In 1941, Rexair merged with the Martin-Parry Corporation of Toledo, Ohio, providing Rexair with expanded manufacturing capabilities. During the war, Rexair and Martin-Parry produced radar cases, rocket launchers and ship partitions and linings to aid the war effort.

Around 1948, J. V. "Sandy" Sanders (a salesman from Owensboro, Kentucky) saw a demonstration of the Rexair and came to Detroit, Michigan, determined to become "The best salesman the company ever had!". In 1953, "Sandy" became one of five Regional Managers in Rexair's newly aligned national sales organization.

A newly designed Rexair Cleaner was released in 1955 with a motor allegedly twice as powerful as its predecessor. Rexair executives rechristened it the "Rainbow" with one ad reading, "Now your home can be fresh as a rainbow".

In 1969, Rexair opened a 100,000 square foot manufacturing facility in Cadillac, Michigan. New attachments were developed: the Power Nozzle and AquaMate, among others. The new Rainbow D3 was launched in 1980, the first major model change in twenty years. The D3 was the first Rainbow approved for "wet pick-up".

In 1959, Sanders and Associates purchased Rexair. J. V. Sanders was now in control of Rexair. He attempted to develop what he called the "Rainbow Opportunity".

As early as 1947, Rexair had branch locations in Canada, Cuba and Mexico. In the 1980s, Rexair developed an international sales and distribution network, and the Rainbow was modified to meet the specific demands of countries around the world. In 1986, Rexair celebrated its Golden Anniversary by launching its newest Rainbow, the D4.

In 2001, Paul Vidovich took charge of Rexair, as president and CEO, and in 2002, he also assumed the responsibilities of chairman. Paul began his career in the business in 1971. He rose through the ranks via the direct selling business.

In 2015, Rexair LLC was owned by public company Jarden. In April 2016, Jarden was purchased by Newell-Rubbermaid and the companies were merged. Newell Brands was now the owner of Rexair LLC. Newell Brands is a publicly held company.

On 26 February 2019 Newell Brands announced it would be selling its Rexair business, the maker of Rainbow vacuum products, to private-equity firm Rhone Capital. Financial terms of the deal were not disclosed.

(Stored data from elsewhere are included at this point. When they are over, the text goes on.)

lemma (in group_action) card_fixed_points_cong:
  assumes fin: "finite E" and p: "Factorial_Ring.prime p" and ord: "order G = p ^ a"
  shows "card E mod p = card {x \<in> E. \<forall>g\<in>carrier G. \<phi> g x = x} mod p"
proof -
  define Fix where "Fix = {x \<in> E. \<forall>g\<in>carrier G. \<phi> g x = x}"
  have orbit_E: "orbit G \<phi> x \<subseteq> E" if "x \<in> E" for x
    using that element_image by (auto simp: orbit_def)
  have same_orbit: "orbit G \<phi> z = orbit G \<phi> x" if "z \<in> orbit G \<phi> x" "x \<in> E" for x z
    using that orbit_E orbit_sym orbit_trans by (meson subset_antisym subsetD subsetI)
  have orbit_moved: "orbit G \<phi> x \<subseteq> E - Fix" if x: "x \<in> E - Fix" for x
  proof
    fix y assume y: "y \<in> orbit G \<phi> x"
    show "y \<in> E - Fix"
    proof
      show "y \<in> E" using y x orbit_E by blast
      show "y \<notin> Fix"
      proof
        assume y_fixed: "y \<in> Fix"
        then have "orbit G \<phi> y = {y}" using orbit_refl[of y] by (auto simp: Fix_def orbit_def)
        moreover have "x \<in> orbit G \<phi> y" using same_orbit[OF y] orbit_refl x by blast
        ultimately show False using x y_fixed by auto
      qed
    qed
  qed
  have "E - Fix = \<Union> {orbit G \<phi> x | x. x \<in> E - Fix}"
    using orbit_moved orbit_refl by blast
  moreover have "p dvd card (\<Union> {orbit G \<phi> x | x. x \<in> E - Fix})"
  proof (rule dvd_partition)
    show "finite (\<Union> {orbit G \<phi> x | x. x \<in> E - Fix})"
      using fin calculation by (metis finite_Diff)
    show "\<forall>c\<in>{orbit G \<phi> x | x. x \<in> E - Fix}. p dvd card c"
      using p_dvd_card_orbit[OF p ord] by (auto simp: Fix_def)
    show "\<forall>c1\<in>{orbit G \<phi> x | x. x \<in> E - Fix}. \<forall>c2\<in>{orbit G \<phi> x | x. x \<in> E - Fix}.
        c1 \<noteq> c2 \<longrightarrow> c1 \<inter> c2 = {}"
      using same_orbit by blast
  qed
  ultimately have "p dvd card (E - Fix)" by metis
  moreover have "card E = card Fix + card (E - Fix)"
    using fin card_Un_disjoint[of Fix "E - Fix"] by (simp add: Fix_def Un_absorb1)
  ultimately show ?thesis unfolding Fix_def by (auto elim!: dvdE)
qed

lemma (in group) card_coset_orbit_dvd:
  assumes K: "subgroup K G" and H: "H \<subseteq> carrier G"
  shows "card ((\<lambda>k. k <# H) ` K) dvd card K"
proof -
  define W where "W = (\<lambda>k. k <# H) ` K"
  have Kc: "k \<in> carrier G" if "k \<in> K" for k using that subgroup.mem_carrier[OF K] by blast
  interpret act: group_action "G\<lparr>carrier := K\<rparr>" W "\<lambda>k. \<lambda>A\<in>W. k <# A"
  proof (rule left_mult_action[OF K])
    show "W \<subseteq> Pow (carrier G)" unfolding W_def using H Kc l_coset_subset_G by blast
    show "k <# A \<in> W" if k: "k \<in> K" and A: "A \<in> W" for k A
    proof -
      obtain k' where k': "k' \<in> K" "A = k' <# H" using A unfolding W_def by blast
      then have "k <# A = (k \<otimes> k') <# H" using lcos_m_assoc[OF H Kc[OF k] Kc[OF k'(1)]] by simp
      then show ?thesis unfolding W_def using subgroup.m_closed[OF K k k'(1)] by blast
    qed
  qed
  have "\<one> <# H \<in> W" unfolding W_def using subgroup.one_closed[OF K] by blast
  then have HW: "H \<in> W" using lcos_mult_one[OF H] by simp
  have "orbit (G\<lparr>carrier := K\<rparr>) (\<lambda>k. \<lambda>A\<in>W. k <# A) H = {k <# H | k. k \<in> K}"
    using HW by (simp add: orbit_def)
  then have "card W * card (stabilizer (G\<lparr>carrier := K\<rparr>) (\<lambda>k. \<lambda>A\<in>W. k <# A) H) = card K"
    using act.orbit_stabilizer_theorem[OF HW] by (simp add: order_def W_def Setcompr_eq_image)
  then show ?thesis unfolding W_def by (metis dvd_triv_left)
qed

On June 16, 2020, Rexair announced recalls to their Repair Rainbow SRX Vacuums due to fire and burn hazards.

==Product==
The product is a vacuum cleaner based on water instead of a reservoir to filter dust and dirt while vacuuming. The Rainbow system traps dust and dirt in the water and allows clean "water washed" air to travel through the air path and out the exhaust. From 1936 to current production, there have been several models produced with some having different versions within the models and attachments.

The table below only shows information on United States models. Other countries have slight changes within the model number to separate from the voltage use as well as other specific country requirements.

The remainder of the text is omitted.